Equations governing GMU are as follows: <br>
$h_{v} = tanh(W_{v} \cdot x_{})$ <br>
$h_{t} = tanh(W_{t} \cdot x_{t})$ <br>
$z = \sigma(W_{z} \cdot[x_{v} \cdot x_{t}])$ <br>
$h = z \ast h_{v} + (1 - z) \ast h_{t}$ <br>
$\Theta = \{W_{v}, W_{t}, W_{z}\}$ <br>


In [8]:


# used to find h_v and h_t
class LinearClassifier(nn.Module):  
  def __init__(self, encoding_size):
    super(LinearClassifier, self).__init__()
    self.linear = nn.Linear(encoding_size, encoding_size)

  def forward(self, x):
    x = self.linear(x)
    x = torch.tanh(x)
    return x


In [9]:
class LinearCombine(nn.Module):
  def __init__(self, encoding_size):
    super().__init__()
    self.linear = nn.Linear(encoding_size, 27) # 27 is the number of genres

    self.sigmoid = nn.Sigmoid()

  def forward(self, x, y):
    x = self.linear(torch.cat((x, y), dim=1))
    x = self.sigmoid(x)
    return x


In [34]:
class Gated_MultiModal_Unit():

  def __init__(self, img_model, text_model):
    super().__init__()
    self.bert_model = text_model
    self.resnet_model = img_model

  def forward(self, imgs, texts, text_masks, labels):
    self.resnet_model.eval()
    self.bert_model.eval()
    self.resnet_model.cuda()
    self.bert_model.cuda()
    img_pred = self.resnet_model(imgs)
    text_pred = self.bert_model(texts, text_masks).logits

    h_gate = LinearClassifier(27)
    z_gate = LinearCombine(54)

    h_gate.cuda()
    z_gate.cuda()
    

    h_v = h_gate(img_pred)
    h_t = h_gate(text_pred)

    z = z_gate(img_pred, text_pred)

    h = torch.mul(z, h_v) + torch.mul((1-z), h_t)

    predictions = h
    return predictions




In [11]:
class MovieDataset(torch.utils.data.Dataset):
    def __init__(self, folder = 'data/mmimdb-256/dataset-resized-256max', split = 'dev',
                 image_transform = None):
        self.json_dir = os.path.join(folder, split, 'metadata')
        self.image_dir = os.path.join(folder, split, 'images')
        self.image_transform = image_transform
        self.tokenizer = BertTokenizer.from_pretrained('bert-base-uncased')

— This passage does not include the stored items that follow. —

lemma commutant_cinner_invol_mult:
  fixes \<Phi> :: "'a::{star_algebra,topological_space} \<Rightarrow> 'k::chilbert \<Rightarrow> 'k"
  assumes \<Phi>: "representation \<Phi>" and S: "S \<in> commutant \<Phi>"
  shows "cinner u (S (\<Phi> (invol b * c) z)) = cinner (\<Phi> b u) (S (\<Phi> c z))"
proof -
  have comm: "S (\<Phi> a x) = \<Phi> a (S x)" for a x
    using S by (auto simp: commutant_def fun_eq_iff)
  have "S (\<Phi> (invol b * c) z) = S (\<Phi> (invol b) (\<Phi> c z))"
    using \<Phi> by (simp add: representation_def)
  also have "\<dots> = \<Phi> (invol b) (S (\<Phi> c z))"
    by (rule comm)
  also have "\<dots> = adj (\<Phi> b) (S (\<Phi> c z))"
    using \<Phi> by (simp add: representation_def)
  finally show ?thesis
    using \<Phi> by (simp add: cinner_adj representation_def cont_linear_op_def)
qed

lemma rho_T_quadratic_form:
  fixes \<Phi> :: "'a::{star_algebra,topological_space} \<Rightarrow> 'k::chilbert \<Rightarrow> 'k"
    and V :: "nat \<Rightarrow> 'h::chilbert \<Rightarrow> 'k"
  assumes \<Phi>: "representation \<Phi>" and V: "\<And>i. i < n \<Longrightarrow> bounded_clinear (V i)"
    and S: "S \<in> commutant \<Phi>" and I: "\<And>p. p \<in> I \<Longrightarrow> snd p < n"
  shows "(\<Sum>p\<in>I. \<Sum>q\<in>I. cinner (\<xi> p) (rho_T V \<Phi> S (snd p) (snd q) (invol (y p) * y q) (\<xi> q)))
    = cinner (\<Sum>p\<in>I. \<Phi> (y p) (V (snd p) (\<xi> p))) (S (\<Sum>q\<in>I. \<Phi> (y q) (V (snd q) (\<xi> q))))"
proof -
  have "bounded_clinear S"
    using S by (simp add: commutant_def)
  have "(\<Sum>p\<in>I. \<Sum>q\<in>I. cinner (\<xi> p) (rho_T V \<Phi> S (snd p) (snd q) (invol (y p) * y q) (\<xi> q)))
    = (\<Sum>p\<in>I. \<Sum>q\<in>I. cinner (\<Phi> (y p) (V (snd p) (\<xi> p))) (S (\<Phi> (y q) (V (snd q) (\<xi> q)))))"
    by (intro sum.cong refl)
      (simp add: cinner_rho_T V I commutant_cinner_invol_mult[OF \<Phi> S])
  also have "\<dots> = cinner (\<Sum>p\<in>I. \<Phi> (y p) (V (snd p) (\<xi> p))) (S (\<Sum>q\<in>I. \<Phi> (y q) (V (snd q) (\<xi> q))))"
    by (subst sum.swap)
      (simp add: cinner_sum_left cinner_sum_right bounded_clinear_sum[OF \<open>bounded_clinear S\<close>])
  finally show ?thesis .
qed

        # Category definitions of movies.
        self.categories = ['Action', 'Adult', 'Adventure', 'Animation', 'Biography', 
                           'Comedy', 'Crime', 'Documentary', 'Drama', 
                           'Family', 'Fantasy', 'Film-Noir', 'History', 
                           'Horror', 'Music', 'Musical', 'Mystery', 'News', 
                           'Reality-TV', 'Romance', 'Sci-Fi', 'Short', 
                           'Sport', 'Talk-Show', 'Thriller', 'War', 'Western']
        self.categories2ids = {category: id for (id, category) 
                               in enumerate(self.categories)}

        # Load JSON files.
        print('Loading %s ...' % self.json_dir, end = '')
        fdir = os.listdir(self.json_dir)
        self.metadata = [(fname[:-5], json.load(open(os.path.join(self.json_dir, fname)))) 
                     for fname in sorted(fdir) if not fname.startswith('.')]
        print(' finished')
        print(self.metadata)
        # Pre-tokenizing all sentences.
        print('Tokenizing...', end = '')
        self.tokenized_plots = list()
        for i in range(0, len(self.metadata)):
            text = self.metadata[i][1]['plot'][0]
            encoded_text = self.tokenizer.encode_plus(
                text, add_special_tokens = True, truncation = True, 
                max_length = 256, padding = 'max_length',
                return_attention_mask = True,
                return_tensors = 'pt')
            self.tokenized_plots.append(encoded_text)
        print(' finished')
            
    def __getitem__(self, index: int):
        # Load images on the fly.
        filename, movie_data = self.metadata[index]
        img_path = os.path.join(self.image_dir, filename + '.jpeg')
        image = Image.open(img_path).convert('RGB')
        text = self.tokenized_plots[index]['input_ids'][0]
        text_mask = self.tokenized_plots[index]['attention_mask'][0]
        genres = movie_data['genres']

        if self.image_transform: image = self.image_transform(image)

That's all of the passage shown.